A: "What can I do for you?"
B: "Nothing."
-8/18

"Is that a hookah or a lamp?"
-8/18

"They're lesbians…they're very nice though! (pause:) I shouldn't say 'though'."
-8/18

"There was one guy who looked like Jesus…but like a warrior Gandalf Jesus?"
-8/18

"So imagine a homeless crazy person…as a squirrel."
-8/18

"P.S. Did I tell you I decided I like gumbo?"
-8/18

"When I look back all I remember is him whining…and stepping on my breasts."
-8/19

"He's just tedious…like the Mad Hatter."
-8/19

"Come on!
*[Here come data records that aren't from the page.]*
lemma drv_pool_subset: "drv_pool G V \<subseteq> V"
  by (auto simp: drv_pool_def)

lemma card_drv_pool_ge: "2 \<le> card V \<Longrightarrow> 2 \<le> card (drv_pool G V)"
  by (auto simp: drv_pool_def)

lemma distinct_pairs_drv_pool:
  assumes "V \<in> k_subsets n k" "2 \<le> k"
  shows "finite (distinct_pairs (drv_pool G V))" "distinct_pairs (drv_pool G V) \<noteq> {}"
proof -
  have "finite V" using assms(1) finite_subset by (auto simp: k_subsets_def)
  then show "finite (distinct_pairs (drv_pool G V))"
    using drv_pool_subset finite_subset by (blast intro: finite_distinct_pairs)
  show "distinct_pairs (drv_pool G V) \<noteq> {}"
    using assms by (intro distinct_pairs_nonempty card_drv_pool_ge) (auto simp: k_subsets_def)
qed

lemma set_pmf_drv_step:
  assumes "2 \<le> k" "k \<le> n"
  shows "set_pmf (drv_step n k G)
           = (\<Union>V\<in>k_subsets n k. (\<lambda>(a, b). drv_add_edge G a b) ` distinct_pairs (drv_pool G V))"
  unfolding drv_step_eq using assms finite_k_subsets k_subsets_nonempty distinct_pairs_drv_pool
  by (auto simp: split_beta)

lemma finite_set_pmf_drv_step:
  "2 \<le> k \<Longrightarrow> k \<le> n \<Longrightarrow> finite (set_pmf (drv_step n k G))"
  by (simp add: set_pmf_drv_step finite_k_subsets distinct_pairs_drv_pool)

lemma drv_support:
  assumes "2 \<le> k" "k \<le> n"
  shows "finite (set_pmf (drv n k t)) \<and> (\<forall>G\<in>set_pmf (drv n k t). length G = t)"
proof (induction t)
  case 0
  then show ?case by simp
next
  case (Suc t)
  have "length G' = Suc (length G)" if "G' \<in> set_pmf (drv_step n k G)" for G G'
    using that by (auto simp: set_pmf_drv_step[OF assms] drv_add_edge_def)
  then show ?case using Suc finite_set_pmf_drv_step[OF assms] by auto
qed

lemma expectation_drv_step_le:
  assumes k: "2 \<le> k" "k \<le> n"
  shows "measure_pmf.expectation (drv_step n k G) (drv_potential n)
           \<le> drv_potential n G + measure_pmf.expectation (pmf_of_set (k_subsets n k)) (drv_drift n G)"
proof -
  let ?pairs = "\<lambda>V. pmf_of_set (distinct_pairs (drv_pool G V))"
  let ?edge = "\<lambda>(a, b). return_pmf (drv_add_edge G a b)"
  have subsets: "finite (set_pmf (pmf_of_set (k_subsets n k)))"
    "set_pmf (pmf_of_set (k_subsets n k)) = k_subsets n k"
    using finite_k_subsets k_subsets_nonempty[OF k(2)] by auto
  have pairs: "finite (set_pmf (?pairs V))" "set_pmf (?pairs V) = distinct_pairs (drv_pool G V)"
    if "V \<in> k_subsets n k" for V
    using distinct_pairs_drv_pool[OF that k(1)] by auto
  have inner: "measure_pmf.expectation (?pairs V \<bind> ?edge) (drv_potential n)
      \<le> drv_potential n G + drv_drift n G V" if V: "V \<in> k_subsets n k" for V
  proof -
    have "measure_pmf.expectation (?pairs V \<bind> ?edge) (drv_potential n)
        = measure_pmf.expectation (?pairs V) (\<lambda>(a, b). drv_potential n (drv_add_edge G a b))"
      using pairs[OF V] by (simp add: expectation_bind_pmf_finite split_def)
    also have "\<dots> \<le> measure_pmf.expectation (?pairs V) (\<lambda>_. drv_potential n G + drv_drift n G V)"
      using pairs[OF V] V
      by (intro expectation_mono_finite)
         (auto simp: distinct_pairs_def k_subsets_def intro!: drv_potential_add_edge_le)
    finally show ?thesis by simp
  qed
  have "measure_pmf.expectation (drv_step n k G) (drv_potential n)
      = measure_pmf.expectation (pmf_of_set (k_subsets n k))
          (\<lambda>V. measure_pmf.expectation (?pairs V \<bind> ?edge) (drv_potential n))"
    unfolding drv_step_eq using subsets pairs
    by (subst expectation_bind_pmf_finite) (auto simp: split_beta)
  also have "\<dots> \<le> measure_pmf.expectation (pmf_of_set (k_subsets n k))
                   (\<lambda>V. drv_potential n G + drv_drift n G V)"
    using subsets inner by (intro expectation_mono_finite) auto
  also have "\<dots> = drv_potential n G + measure_pmf.expectation (pmf_of_set (k_subsets n k)) (drv_drift n G)"
    using subsets by (subst Bochner_Integration.integral_add) (auto intro: integrable_measure_pmf_finite)
  finally show ?thesis .
qed

definition few_hits_prob :: "nat \<Rightarrow> nat \<Rightarrow> nat \<Rightarrow> real" where
  "few_hits_prob n k m = real (few_hits_count n k m) / real (n choose k)"

lemma prob_few_hits_le:
  assumes "k \<le> n" "A \<subseteq> {..<n}" "m \<le> card A"
  shows "measure_pmf.prob (pmf_of_set (k_subsets n k)) {V. card (V \<inter> A) \<le> 2} \<le> few_hits_prob n k m"
proof -
  have "k_subsets n k \<inter> {V. card (V \<inter> A) \<le> 2}
      = {V. V \<subseteq> {..<n} \<and> card V = k \<and> card (V \<inter> A) \<le> 2}"
    by (auto simp: k_subsets_def)
  then show ?thesis
    using assms(1) finite_k_subsets k_subsets_nonempty card_subsets_Int_le_two[OF assms(2,3), of k]
    by (simp add: measure_pmf_of_set card_k_subsets few_hits_prob_def divide_right_mono)
qed

lemma expectation_affine_indicator:
  fixes c d :: real
  shows "measure_pmf.expectation p (\<lambda>x. c + d * indicator X x) = c + d * measure_pmf.prob p X"
  by (simp add: measure_pmf.emeasure_eq_measure)

definition drv_drift_bound :: "nat \<Rightarrow> nat \<Rightarrow> nat \<Rightarrow> real" where
  "drv_drift_bound n k t =
     (if 2 * t < n then 3 * few_hits_prob n k (n - 2 * t) else few_hits_prob n k (n - t))"

lemma expectation_drv_drift_le:
  assumes k: "k \<le> n"
  shows "measure_pmf.expectation (pmf_of_set (k_subsets n k)) (drv_drift n G)
           \<le> drv_drift_bound n k (length G) - (if 2 * length G < n then 2 else 0)"
proof -
  let ?p = "pmf_of_set (k_subsets n k)"
  let ?Z = "isolated_vertices n G" and ?L = "low_degree_vertices n G"
  have Z_subset: "?Z \<subseteq> {..<n}" and L_subset: "?L \<subseteq> {..<n}"
    by (auto simp: isolated_vertices_def low_degree_vertices_def)
  have Z_large: "n - 2 * length G \<le> card ?Z"
    using card_isolated_vertices_ge[of n G] by linarith
  have L_large: "n - length G \<le> card ?L"
    using card_low_degree_vertices_ge[of n G] by linarith
  have support: "finite (set_pmf ?p)" "set_pmf ?p = k_subsets n k"
    using finite_k_subsets k_subsets_nonempty[OF k] by auto
  have D0: "{v \<in> V. drv_deg G v = 0} = V \<inter> ?Z" if "V \<in> k_subsets n k" for V
    using that by (auto simp: k_subsets_def isolated_vertices_def)
  have D01: "card {v \<in> V. drv_deg G v = 0} + card {v \<in> V. drv_deg G v = 1} = card (V \<inter> ?L)"
    if "V \<in> k_subsets n k" for V
  proof -
    have "finite V" using that finite_subset by (auto simp: k_subsets_def)
    moreover have "V \<inter> ?L = {v \<in> V. drv_deg G v = 0} \<union> {v \<in> V. drv_deg G v = 1}"
      using that by (auto simp: k_subsets_def low_degree_vertices_def)
    ultimately show ?thesis by (simp add: card_Un_disjoint disjoint_iff)
  qed
  show ?thesis
  proof (cases "2 * length G < n")
    case True
    have "measure_pmf.expectation ?p (drv_drift n G)
        \<le> measure_pmf.expectation ?p (\<lambda>V. -2 + 3 * indicator {V. card (V \<inter> ?Z) \<le> 2} V)"
      using support True D0 by (intro expectation_mono_finite) (auto simp: drv_drift_def)
    also have "\<dots> \<le> -2 + 3 * few_hits_prob n k (n - 2 * length G)"
      using prob_few_hits_le[OF k _ Z_large] Z_subset
      by (simp only: expectation_affine_indicator) simp
    finally show ?thesis using True by (simp add: drv_drift_bound_def)
  next
    case False
    have "measure_pmf.expectation ?p (drv_drift n G)
        \<le> measure_pmf.expectation ?p (\<lambda>V. 0 + 1 * indicator {V. card (V \<inter> ?L) \<le> 2} V)"
      using support False D01 by (intro expectation_mono_finite) (auto simp: drv_drift_def)
    also have "\<dots> \<le> few_hits_prob n k (n - length G)"
      using prob_few_hits_le[OF k _ L_large] L_subset
      by (simp only: expectation_affine_indicator) simp
    finally show ?thesis using False by (simp add: drv_drift_bound_def)
  qed
qed

lemma sum_few_hits_prob:
  assumes "2 \<le> k" "k \<le> n"
  shows "(\<Sum>m\<le>n. few_hits_prob n k m) = 3 * (real n + 1) / (real k + 1)"
proof -
  have "(real k + 1) * real (Suc n choose Suc k) = (real n + 1) * real (n choose k)"
    by (metis Suc_times_binomial of_nat_Suc of_nat_mult add.commute)
  moreover have "real (n choose k) \<noteq> 0" using assms by simp
  ultimately show ?thesis
    using sum_few_hits_count[OF assms(1), of n]
    by (simp add: few_hits_prob_def flip: sum_divide_distrib of_nat_sum) (simp add: field_simps)
qed

lemma sum_reindex_le_atMost:
  fixes g :: "nat \<Rightarrow> real"
  assumes "inj_on h S" "h ` S \<subseteq> {..n}" "\<And>m. 0 \<le> g m"
  shows "(\<Sum>s\<in>S. g (h s)) \<le> (\<Sum>m\<le>n. g m)"
  using assms by (simp add: sum.reindex[symmetric, unfolded comp_def] sum_mono2)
Sex is funny, and combined with my cat it's double funny!"
-8/19

"Well, either way this is great news for Bill Clinton!"
-8/22

A: "Can I tell you a story?"
B: "Please do."
A: "Well, it's not as fun…but it's about my medication?"
-8/22

"There's a tremendous power in not caring, you know?"
-8/23

A: "What's that over there?"
B: "I don't know…I can see some Om symbols and a lot of bling."
-8/23

Boss on phone: "Well…guess who one of them was?! Guess who one of the lesbian gypsies was!"
-8/28

"The nice thing is, we're no longer people who care!"
-8/28

"(Gasp:) A wizard fight?!?"
-8/29

A: "So her mom and who are going to be over there?"
B: "Her grandma."
A: "Oh my God!!"
-8/31

"He's like a real-life imaginary thing!!"
-8/31

"…'cause he's gonna be a big douche -- sorry, Grandma."
-8/31

GRANDKID: "I'm sorry Grandma, this is all gossip!"
GRANDMA: "That's why I'm listening."
-8/31

"It's not like you're adding razzle-dazzle, you're adding shit to your burrito!"
-8/31

A: "It's, like, the weirdest matchup ever."
B: "I know."
A: "…Except for the hippo and the alligator in Fantasia."